REQUIRED ACTION
Note how many lines in the material have "fbar", and give only that figure.

DATA TO USE
(* Let $\mathcal{N}$ be a 2-step nilpotent Lie algebra over $\mathbb{R}$ and suppose $\mathcal{N}=\mathcal{N}_0\oplus\mathcal{A}$ is a direct sum of ideals with $\mathcal{A}$ abelian and $[\mathcal{N}_0,\mathcal{N}_0]=\mathfrak{z}(\mathcal{N}_0)$, the center of $\mathcal{N}_0$. Then every Lie ring automorphism $f$ of $\mathcal{N}$ has the form $f=\mu\circ g$, where $\mu$ is a central automorphism of $\mathcal{N}$ and $g$ is a Lie ring automorphism of $\mathcal{N}$ with $g(\mathcal{N}_0)=\mathcal{N}_0$ and $g(Y)=Y$ for all $Y\in\mathcal{A}$. In particular, if $\mathcal{N}_0$ satisfies the partial automatic continuity, then so does $\mathcal{N}$.
   Context: A Lie ring automorphism of a real Lie algebra is a bijective additive map preserving the bracket (not necessarily $\mathbb{R}$-linear). A central automorphism is a Lie ring automorphism $\mu$ with $\mu(x)-x$ in the center for all $x$. Field automorphisms: if a Lie algebra is a direct sum of ideals $\mathcal{N}_1\oplus\cdots\oplus\mathcal{N}_k$, for each $\mathcal{N}_i$ that is the realification of a complex Lie algebra choose a $\mathbb{C}$-basis $e_1,\dots,e_m$ and a field automorphism $\varphi$ of $\mathbb{C}$ fixing the structure constants and set $\sigma_i(\sum x_le_l)=\sum\varphi(x_l)e_l$, otherwise $\sigma_i=\mathrm{id}$; $\sigma_1\times\cdots\times\sigma_k$ is a field automorphism. A real nilpotent Lie algebra satisfies the partial automatic continuity if every Lie ring automorphism is a composition $\mu\circ\overline{f}\circ\sigma$ of a central automorphism $\mu$, an $\mathbb{R}$-linear Lie algebra automorphism $\overline{f}$ and a field automorphism $\sigma$. *)

theory Defs
  imports "HOL-Analysis.Analysis"
begin

definition lie_algebra :: "'a::real_vector set \<Rightarrow> ('a \<Rightarrow> 'a \<Rightarrow> 'a) \<Rightarrow> bool" where
  "lie_algebra S br \<longleftrightarrow> subspace S \<and>
     (\<forall>x\<in>S. \<forall>y\<in>S. br x y \<in> S) \<and>
     (\<forall>a::real. \<forall>x\<in>S. \<forall>y\<in>S. \<forall>z\<in>S. br (a *\<^sub>R x + y) z = a *\<^sub>R br x z + br y z) \<and>
     (\<forall>a::real. \<forall>x\<in>S. \<forall>y\<in>S. \<forall>z\<in>S. br z (a *\<^sub>R x + y) = a *\<^sub>R br z x + br z y) \<and>
     (\<forall>x\<in>S. br x x = 0) \<and>
     (\<forall>x\<in>S. \<forall>y\<in>S. \<forall>z\<in>S. br x (br y z) + br y (br z x) + br z (br x y) = 0)"

definition lie_ideal :: "'a::real_vector set \<Rightarrow> ('a \<Rightarrow> 'a \<Rightarrow> 'a) \<Rightarrow> 'a set \<Rightarrow> bool" where
  "lie_ideal S br I \<longleftrightarrow> subspace I \<and> I \<subseteq> S \<and> (\<forall>x\<in>S. \<forall>y\<in>I. br x y \<in> I)"

definition lie_center :: "'a::real_vector set \<Rightarrow> ('a \<Rightarrow> 'a \<Rightarrow> 'a) \<Rightarrow> 'a set" where
  "lie_center S br = {z\<in>S. \<forall>x\<in>S. br z x = 0}"

definition derived :: "'a::real_vector set \<Rightarrow> ('a \<Rightarrow> 'a \<Rightarrow> 'a) \<Rightarrow> 'a set" where
  "derived S br = span {br x y | x y. x \<in> S \<and> y \<in> S}"

definition two_step_nilpotent :: "'a::real_vector set \<Rightarrow> ('a \<Rightarrow> 'a \<Rightarrow> 'a) \<Rightarrow> bool" where
  "two_step_nilpotent S br \<longleftrightarrow>
     (\<forall>x\<in>S. \<forall>y\<in>S. \<forall>z\<in>S. br x (br y z) = 0) \<and> (\<exists>x\<in>S. \<exists>y\<in>S. br x y \<noteq> 0)"

definition lie_abelian :: "'a::real_vector set \<Rightarrow> ('a \<Rightarrow> 'a \<Rightarrow> 'a) \<Rightarrow> bool" where
  "lie_abelian S br \<longleftrightarrow> (\<forall>x\<in>S. \<forall>y\<in>S. br x y = 0)"

text \<open>Lie ring automorphism: bijective additive bracket-preserving map (not necessarily R-linear).\<close>
definition lie_ring_aut :: "'a::real_vector set \<Rightarrow> ('a \<Rightarrow> 'a \<Rightarrow> 'a) \<Rightarrow> ('a \<Rightarrow> 'a) \<Rightarrow> bool" where
  "lie_ring_aut S br f \<longleftrightarrow> bij_betw f S S \<and>
     (\<forall>x\<in>S. \<forall>y\<in>S. f (x + y) = f x + f y) \<and>
     (\<forall>x\<in>S. \<forall>y\<in>S. f (br x y) = br (f x) (f y))"

definition lie_alg_aut :: "'a::real_vector set \<Rightarrow> ('a \<Rightarrow> 'a \<Rightarrow> 'a) \<Rightarrow> ('a \<Rightarrow> 'a) \<Rightarrow> bool" where
  "lie_alg_aut S br f \<longleftrightarrow> lie_ring_aut S br f \<and> (\<forall>c::real. \<forall>x\<in>S. f (c *\<^sub>R x) = c *\<^sub>R f x)"

definition central_aut :: "'a::real_vector set \<Rightarrow> ('a \<Rightarrow> 'a \<Rightarrow> 'a) \<Rightarrow> ('a \<Rightarrow> 'a) \<Rightarrow> bool" where
  "central_aut S br \<mu> \<longleftrightarrow> lie_ring_aut S br \<mu> \<and> (\<forall>x\<in>S. \<mu> x - x \<in> lie_center S br)"

text \<open>Field automorphisms of the complex numbers (arbitrary, not necessarily continuous).\<close>
definition complex_field_aut :: "(complex \<Rightarrow> complex) \<Rightarrow> bool" where
  "complex_field_aut \<phi> \<longleftrightarrow> bij \<phi> \<and> (\<forall>a b. \<phi> (a + b) = \<phi> a + \<phi> b) \<and> (\<forall>a b. \<phi> (a * b) = \<phi> a * \<phi> b)"

definition cscale :: "('a::real_vector \<Rightarrow> 'a) \<Rightarrow> complex \<Rightarrow> 'a \<Rightarrow> 'a" where
  "cscale J c v = Re c *\<^sub>R v + Im c *\<^sub>R J v"

text \<open>I (with the bracket br) is the realification of a complex Lie algebra,
i.e. carries a complex structure J for which the bracket is complex bilinear.\<close>
definition complex_structure :: "'a::real_vector set \<Rightarrow> ('a \<Rightarrow> 'a \<Rightarrow> 'a) \<Rightarrow> ('a \<Rightarrow> 'a) \<Rightarrow> bool" where
  "complex_structure I br J \<longleftrightarrow> (\<forall>v\<in>I. J v \<in> I) \<and>
     (\<forall>a::real. \<forall>v\<in>I. \<forall>w\<in>I. J (a *\<^sub>R v + w) = a *\<^sub>R J v + J w) \<and>
     (\<forall>v\<in>I. J (J v) = - v) \<and>
     (\<forall>x\<in>I. \<forall>y\<in>I. br (J x) y = J (br x y))"

definition complex_basis :: "'a::real_vector set \<Rightarrow> ('a \<Rightarrow> 'a) \<Rightarrow> nat \<Rightarrow> (nat \<Rightarrow> 'a) \<Rightarrow> bool" where
  "complex_basis I J m e \<longleftrightarrow> (\<forall>l<m. e l \<in> I) \<and>
     (\<forall>v\<in>I. \<exists>x. v = (\<Sum>l<m. cscale J (x l) (e l))) \<and>
     (\<forall>x. (\<Sum>l<m. cscale J (x l) (e l)) = 0 \<longrightarrow> (\<forall>l<m. x l = 0))"

text \<open>Admissible factor sigma_i on the ideal I: either the identity, or, if I is the
realification of a complex Lie algebra, the map induced by a field automorphism phi of C
fixing the structure constants w.r.t. a C-basis.\<close>
definition factor_field_aut :: "'a::real_vector set \<Rightarrow> ('a \<Rightarrow> 'a \<Rightarrow> 'a) \<Rightarrow> ('a \<Rightarrow> 'a) \<Rightarrow> bool" where
  "factor_field_aut I br \<sigma> \<longleftrightarrow> (\<forall>v\<in>I. \<sigma> v = v) \<or>
     (\<exists>J m e \<phi>. complex_structure I br J \<and> complex_basis I J m e \<and> complex_field_aut \<phi> \<and>
        (\<forall>i<m. \<forall>j<m. \<exists>c. br (e i) (e j) = (\<Sum>l<m. cscale J (c l) (e l)) \<and> (\<forall>l<m. \<phi> (c l) = c l)) \<and>
        (\<forall>x. \<sigma> (\<Sum>l<m. cscale J (x l) (e l)) = (\<Sum>l<m. cscale J (\<phi> (x l)) (e l))))"

text \<open>sigma is a field automorphism of (S, br): S = N_0 + ... + N_(k-1) is a direct sum
of ideals and sigma = sigma_0 \<times> ... \<times> sigma_(k-1) with admissible factors.\<close>
definition field_aut :: "'a::real_vector set \<Rightarrow> ('a \<Rightarrow> 'a \<Rightarrow> 'a) \<Rightarrow> ('a \<Rightarrow> 'a) \<Rightarrow> bool" where
  "field_aut S br \<sigma> \<longleftrightarrow> (\<exists>k::nat. \<exists>N :: nat \<Rightarrow> 'a set. \<exists>\<sigma>s :: nat \<Rightarrow> 'a \<Rightarrow> 'a.
     (\<forall>i<k. lie_ideal S br (N i)) \<and>
     S = {(\<Sum>i<k. xs i) | xs. \<forall>i<k. xs i \<in> N i} \<and>
     (\<forall>xs. (\<forall>i<k. xs i \<in> N i) \<and> (\<Sum>i<k. xs i) = 0 \<longrightarrow> (\<forall>i<k. xs i = 0)) \<and>
     (\<forall>i<k. factor_field_aut (N i) br (\<sigma>s i)) \<and>
     (\<forall>xs. (\<forall>i<k. xs i \<in> N i) \<longrightarrow> \<sigma> (\<Sum>i<k. xs i) = (\<Sum>i<k. \<sigma>s i (xs i))))"

definition partial_automatic_continuity :: "'a::real_vector set \<Rightarrow> ('a \<Rightarrow> 'a \<Rightarrow> 'a) \<Rightarrow> bool" where
  "partial_automatic_continuity S br \<longleftrightarrow>
     (\<forall>f. lie_ring_aut S br f \<longrightarrow>
        (\<exists>\<mu> fbar \<sigma>. central_aut S br \<mu> \<and> lie_alg_aut S br fbar \<and> field_aut S br \<sigma> \<and>
           (\<forall>x\<in>S. f x = \<mu> (fbar (\<sigma> x)))))"

end

theory Submission
  imports Defs
begin

(* Since A is abelian and [N0, A] lies in N0 \<inter> A = 0, the ideal A is central and every
   bracket only sees N0-components. For a Lie ring automorphism f, the N0-component
   h = proj0 \<circ> f of f restricted to N0 is a Lie ring automorphism of N0: if h X = 0 then
   f X \<in> A is central, so X \<in> z(N0) \<subseteq> [N0, N0] and f X \<in> [N, N] \<subseteq> N0, whence f X = 0;
   surjectivity uses the same stem condition z(N0) \<subseteq> [N0, N0] for f\<inverse>. Then g = h \<oplus> id_A
   and \<mu> = f \<circ> g\<inverse> satisfy \<mu>(g y) - g y = projA (f (proj0 y)) + (f (projA y) - projA y),
   a central element. For the second claim, decompose g on N0 by partial automatic continuity
   of N0 and extend each factor by the identity on A; the field automorphism acquires A as
   one more ideal, with identity factor. *)

lemma lie_ring_aut_zero:
  assumes "lie_ring_aut S br f" and "0 \<in> S"
  shows "f 0 = 0"
proof -
  have "f (0 + 0) = f 0 + f 0" using assms unfolding lie_ring_aut_def by blast
  then show ?thesis by simp
qed

lemma lie_ring_aut_comp:
  assumes "lie_ring_aut S br f" and "lie_ring_aut S br g"
  shows "lie_ring_aut S br (f \<circ> g)"
proof -
  have "g x \<in> S" if "x \<in> S" for x
    using assms(2) that unfolding lie_ring_aut_def bij_betw_def by blast
  then show ?thesis using assms unfolding lie_ring_aut_def by (auto intro: bij_betw_trans)
qed

lemma lie_ring_aut_inv:
  assumes f: "lie_ring_aut UNIV br f"
  shows "lie_ring_aut UNIV br (inv f)"
proof -
  have "bij f" and add: "\<And>a b. f (a + b) = f a + f b"
    and hom: "\<And>a b. f (br a b) = br (f a) (f b)"
    using f unfolding lie_ring_aut_def by auto
  then have f_inv: "\<And>a. f (inv f a) = a" and inv_f: "\<And>a. inv f (f a) = a"
    by (simp_all add: bij_is_surj surj_f_inv_f bij_is_inj inv_f_f)
  have "inv f (x + y) = inv f (f (inv f x + inv f y))" for x y
    by (simp add: add f_inv)
  moreover have "inv f (br x y) = inv f (f (br (inv f x) (inv f y)))" for x y
    by (simp add: hom f_inv)
  ultimately show ?thesis
    using \<open>bij f\<close> bij_imp_bij_inv unfolding lie_ring_aut_def inv_f by blast
qed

OUTPUT OF THE EXERCISE
2